Style Manual
Punctuation
B.8. Titles (books, films, music,
etc.) (For software titles, see C9.9)
b8.1. Titles of the following should be italicized or underlined
to indicate to the typesetter to use italics:
- Books (The Scarlet Letter, Das Kapital)
- Plays (Henry V, The Threepenny Opera)
- Films (Gone With the Wind, Wings of Desire)
- Periodicals (Scandinavian Studies, Film Comment, The Express-Times)
- Collections of poetry (Leaves of Grass, Diving
Into the Wreck)
- Operas and oratorios (Don Giovanni, Messiah)
- Paintings (Starry Night, I Saw the Figure 5 in Gold)
- Dance Pieces
- Exhibits (John Kim's exhibit Machine Dreams)
- Statues, Drawings, and other works of art
- Television continuing series (PBS's Sesame Street, Masterpiece Theater, A Biography of America)
b8.2. Titles of the following should be in quotation marks:
- Short stories ("Big Two-Hearted River," "Victory
Over Japan")
- Essays/addresses ("When We Dead Awaken," "The
American Scholar")
- Periodical articles ("Ford to City: Drop Dead")

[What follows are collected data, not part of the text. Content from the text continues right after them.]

(* For every $n\ge1$, $$\hat B_{n+1}(x)=(n+1+x+nx^2)\,\hat B_n(x)+(1-x)(1+x^2)\,\hat B_n'(x).$$
   Context: $\mathcal B_n$ is the set of signed permutations (bijections $\sigma$ of $\{\pm1,\dots,\pm n\}$ with $\sigma(-i)=-\sigma(i)$), written as words $\sigma(1)\cdots\sigma(n)$ with $\sigma(0)=0$. An index $i\in\{0\}\cup[n-1]$ is an alternating descent of $\sigma$ if either $\sigma(i)<\sigma(i+1)$ and $i$ is even, or $\sigma(i)>\sigma(i+1)$ and $i$ is odd; $\hat B_n(x)=\sum_{\sigma\in\mathcal B_n}x^{\hat d_B(\sigma)}$ with $\hat d_B(\sigma)$ the number of alternating descents. *)

theory Defs
  imports "HOL-Computational_Algebra.Polynomial"
begin

text \<open>A signed permutation of [n] is encoded by its word sigma(1)..sigma(n) as a function
  nat => int with sigma 0 = 0, sigma i = 0 for i > n (extensionality), and
  i |-> |sigma i| a bijection of {1..n}. The value at -i is then forced to be -sigma(i).\<close>

definition signed_perms :: "nat \<Rightarrow> (nat \<Rightarrow> int) set" where
  "signed_perms n = {\<sigma>. \<sigma> 0 = 0 \<and> (\<forall>i>n. \<sigma> i = 0) \<and>
      bij_betw (\<lambda>i. nat \<bar>\<sigma> i\<bar>) {1..n} {1..n}}"

definition alt_descent :: "(nat \<Rightarrow> int) \<Rightarrow> nat \<Rightarrow> bool" where
  "alt_descent \<sigma> i \<longleftrightarrow> (even i \<and> \<sigma> i < \<sigma> (i+1)) \<or> (odd i \<and> \<sigma> i > \<sigma> (i+1))"

definition alt_des_B :: "nat \<Rightarrow> (nat \<Rightarrow> int) \<Rightarrow> nat" where
  "alt_des_B n \<sigma> = card {i \<in> {0..<n}. alt_descent \<sigma> i}"

definition Bhat :: "nat \<Rightarrow> int poly" where
  "Bhat n = (\<Sum>\<sigma>\<in>signed_perms n. monom 1 (alt_des_B n \<sigma>))"

end

theory Submission
  imports Defs
begin

text \<open>Every signed permutation of \<open>[n+1]\<close> arises in exactly one way from a signed permutation
  of \<open>[n]\<close> by inserting \<open>\<pm>(n+1)\<close> right after position \<open>j \<in> {0..n}\<close> and negating all later
  entries. The negation compensates the shift of parity, so the tail keeps its alternating
  descents; the comparison at \<open>j\<close> is replaced by two new ones, which for one sign are both
  alternating descents and for the other sign neither. If \<open>\<sigma>\<close> has \<open>d\<close> alternating descents,
  inserting at \<open>j < n\<close> therefore contributes \<open>x\<^sup>d\<^sup>-\<^sup>1(1+x\<^sup>2)\<close> or \<open>x\<^sup>d(1+x\<^sup>2)\<close> according as \<open>j\<close>
  is an alternating descent of \<open>\<sigma>\<close>, and inserting at the end contributes \<open>x\<^sup>d(1+x)\<close>. The total
  \<open>(d x\<^sup>d\<^sup>-\<^sup>1 + (n-d) x\<^sup>d)(1+x\<^sup>2) + x\<^sup>d(1+x)\<close> is the right-hand side of the recurrence at \<open>x\<^sup>d\<close>,
  and both sides are linear in \<open>B\<^sub>n\<close>.\<close>

lemma signed_perms_zero: "\<sigma> \<in> signed_perms n \<Longrightarrow> \<sigma> 0 = 0"
  by (simp add: signed_perms_def)

lemma signed_perms_vanish: "\<sigma> \<in> signed_perms n \<Longrightarrow> n < i \<Longrightarrow> \<sigma> i = 0"
  by (simp add: signed_perms_def)

lemma signed_perms_abs_bij:
  "\<sigma> \<in> signed_perms n \<Longrightarrow> bij_betw (\<lambda>i. nat \<bar>\<sigma> i\<bar>) {1..n} {1..n}"
  by (simp add: signed_perms_def)

lemma signed_perms_abs_image:
  "\<sigma> \<in> signed_perms n \<Longrightarrow> (\<lambda>i. nat \<bar>\<sigma> i\<bar>) ` {1..n} = {1..n}"
  using signed_perms_abs_bij bij_betw_imp_surj_on by blast

lemma signed_perms_abs_in:
  "\<sigma> \<in> signed_perms n \<Longrightarrow> i \<in> {1..n} \<Longrightarrow> nat \<bar>\<sigma> i\<bar> \<in> {1..n}"
  using signed_perms_abs_image by blast

lemma signed_perms_abs_le:
  assumes "\<sigma> \<in> signed_perms n"
  shows "\<bar>\<sigma> i\<bar> \<le> int n"
proof (cases "i \<in> {1..n}")
  case True
  then show ?thesis using signed_perms_abs_in[OF assms True] by simp linarith
next
  case False
  then have "i = 0 \<or> n < i" by auto
  then have "\<sigma> i = 0" using signed_perms_zero[OF assms] signed_perms_vanish[OF assms] by blast
  then show ?thesis by simp
qed

lemma signed_perms_abs_inj:
  assumes "\<sigma> \<in> signed_perms n" "i \<in> {1..n}" "k \<in> {1..n}" "\<bar>\<sigma> i\<bar> = \<bar>\<sigma> k\<bar>"
  shows "i = k"
proof -
  have "nat \<bar>\<sigma> i\<bar> = nat \<bar>\<sigma> k\<bar>"
    using assms(4) by simp
  with bij_betw_imp_inj_on[OF signed_perms_abs_bij[OF assms(1)]] show ?thesis
    using assms(2,3) by (rule inj_onD)
qed

lemma signed_permsI:
  assumes "\<sigma> 0 = 0" "\<And>i. n < i \<Longrightarrow> \<sigma> i = 0" "(\<lambda>i. nat \<bar>\<sigma> i\<bar>) ` {1..n} = {1..n}"
  shows "\<sigma> \<in> signed_perms n"
proof -
  have "inj_on (\<lambda>i. nat \<bar>\<sigma> i\<bar>) {1..n}"
    using assms(3) by (intro finite_surj_inj) simp_all
  then show ?thesis
    using assms unfolding signed_perms_def bij_betw_def by blast
qed

definition insert_largest :: "nat \<Rightarrow> (nat \<Rightarrow> int) \<Rightarrow> nat \<Rightarrow> int \<Rightarrow> nat \<Rightarrow> int" where
  "insert_largest n \<sigma> j e =
     (\<lambda>k. if k \<le> j then \<sigma> k else if k = j + 1 then e * int (n + 1) else - \<sigma> (k - 1))"

lemma insert_largest_in_signed_perms:
  assumes \<sigma>: "\<sigma> \<in> signed_perms n" and j: "j \<le> n" and e: "e \<in> {1, -1}"
  shows "insert_largest n \<sigma> j e \<in> signed_perms (n + 1)"
proof (rule signed_permsI)
  let ?\<tau> = "insert_largest n \<sigma> j e"
  show "?\<tau> 0 = 0"
    using signed_perms_zero[OF \<sigma>] by (simp add: insert_largest_def)
  show "?\<tau> i = 0" if "n + 1 < i" for i
    using that j signed_perms_vanish[OF \<sigma>, of "i - 1"] by (simp add: insert_largest_def)
  have abs_e: "\<bar>e\<bar> = 1"
    using e by auto
  show "(\<lambda>i. nat \<bar>?\<tau> i\<bar>) ` {1..n + 1} = {1..n + 1}"
  proof (intro equalityI subsetI)
    fix m assume "m \<in> (\<lambda>i. nat \<bar>?\<tau> i\<bar>) ` {1..n + 1}"
    then obtain i where i: "i \<in> {1..n + 1}" "m = nat \<bar>?\<tau> i\<bar>" by blast
    consider "i \<le> j" | "i = j + 1" | "j + 1 < i" by linarith
    then show "m \<in> {1..n + 1}"
    proof cases
      case 1
      then have "i \<in> {1..n}" "m = nat \<bar>\<sigma> i\<bar>"
        using i j by (auto simp: insert_largest_def)
      then have "m \<in> {1..n}" using signed_perms_abs_in[OF \<sigma>] by blast
      then show ?thesis by simp
    next
      case 2
      then have "m = n + 1" using i abs_e by (simp add: insert_largest_def abs_mult nat_int_add)
      then show ?thesis by simp
    next
      case 3
      then have "i - 1 \<in> {1..n}" "m = nat \<bar>\<sigma> (i - 1)\<bar>"
        using i by (auto simp: insert_largest_def)
      then have "m \<in> {1..n}" using signed_perms_abs_in[OF \<sigma>] by blast
      then show ?thesis by simp
    qed
  next
    fix m assume m: "m \<in> {1..n + 1}"
    show "m \<in> (\<lambda>i. nat \<bar>?\<tau> i\<bar>) ` {1..n + 1}"
    proof (cases "m = n + 1")
      case True
      then have "m = nat \<bar>?\<tau> (j + 1)\<bar>"
        using abs_e by (simp add: insert_largest_def abs_mult nat_int_add)
      moreover have "j + 1 \<in> {1..n + 1}" using j by simp
      ultimately show ?thesis by blast
    next
      case False
      then have "m \<in> (\<lambda>i. nat \<bar>\<sigma> i\<bar>) ` {1..n}"
        using m signed_perms_abs_image[OF \<sigma>] by auto
      then obtain k where k: "k \<in> {1..n}" "m = nat \<bar>\<sigma> k\<bar>" by blast
      define i where "i = (if k \<le> j then k else k + 1)"
      have "m = nat \<bar>?\<tau> i\<bar>" "i \<in> {1..n + 1}"
        using k by (auto simp: i_def insert_largest_def)
      then show ?thesis by blast
    qed
  qed
qed

lemma insert_largest_inj:
  assumes \<sigma>: "\<sigma> \<in> signed_perms n" and \<sigma>': "\<sigma>' \<in> signed_perms n"
    and e: "e \<in> {1, -1}" and e': "e' \<in> {1, -1}"
    and eq: "insert_largest n \<sigma> j e = insert_largest n \<sigma>' j' e'"
  shows "\<sigma> = \<sigma>' \<and> j = j' \<and> e = e'"
proof -
  have at: "insert_largest n \<sigma> j e k = insert_largest n \<sigma>' j' e' k" for k
    using eq by simp
  have no_collision: False if "\<rho> \<in> signed_perms n" "e\<^sub>0 \<in> {1, -1}" "e\<^sub>0 * int (n + 1) = \<rho> i"
    for \<rho> e\<^sub>0 i
    using that signed_perms_abs_le[of \<rho> n i] by (auto simp: abs_mult)
  have "j = j'"
  proof (rule linorder_cases[of j j'])
    assume "j < j'"
    then have "e * int (n + 1) = \<sigma>' (j + 1)"
      using at[of "j + 1"] by (simp add: insert_largest_def)
    then show ?thesis using no_collision[OF \<sigma>' e] by blast
  next
    assume "j' < j"
    then have "e' * int (n + 1) = \<sigma> (j' + 1)"
      using at[of "j' + 1"] by (simp add: insert_largest_def)
    then show ?thesis using no_collision[OF \<sigma> e'] by blast
  qed
  moreover have "e = e'"
    using at[of "j + 1"] \<open>j = j'\<close> by (simp add: insert_largest_def)
  moreover have "\<sigma> k = \<sigma>' k" for k
    using at[of k] at[of "k + 1"] \<open>j = j'\<close> by (cases "k \<le> j") (simp_all add: insert_largest_def)
  ultimately show ?thesis by auto
qed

- Individual poems ("Song of Myself," "The
Red Wheelbarrow")
- Songs/short musical compositions ("Don't Give Up,"
"Clair de Lune")
- Television/radio shows (unless a series-see above) ("X-Files"); also individual episodes such as "Death on the Hill," an episode of "Hill Street Blues."
b8.3 Titles in upper and lower case:
- Academic courses (Contemporary Religious Issues, Solid State
Physics)
For First-Year Seminar or Values and Science/Technology Seminar see a2.2.
b8.4. Musical compositions with a title made up of a form and a key are
not italicized; rather, the form and key are capitalized without quotation
marks (Symphony no. 3 in C Major; Sonata in E-flat Minor). (Note:
In musical texts, minor keys are all lower case, major keys are upper case, and the words "major" "minor" are omitted. [Sonata in E-flat])
b8.5. Descriptive titles for well-known musical compositions are italicized
if the works are long (Dvorak's New World Symphony; Mussorgsky's Pictures
at an Exhibition) and placed in quotation marks if the works are short (Bach's
Prelude and Fugue in E-flat ["St. Anne"]) or ("Jesu Joy of Man's Desiring").
NOTE: In a publication in which many titles of musical compositions are mentioned, all may be italicized regardless of length but be sure this is done consistently
throughout. Williams Center for the Arts season brochure uses upper case for "no." in symphony titles.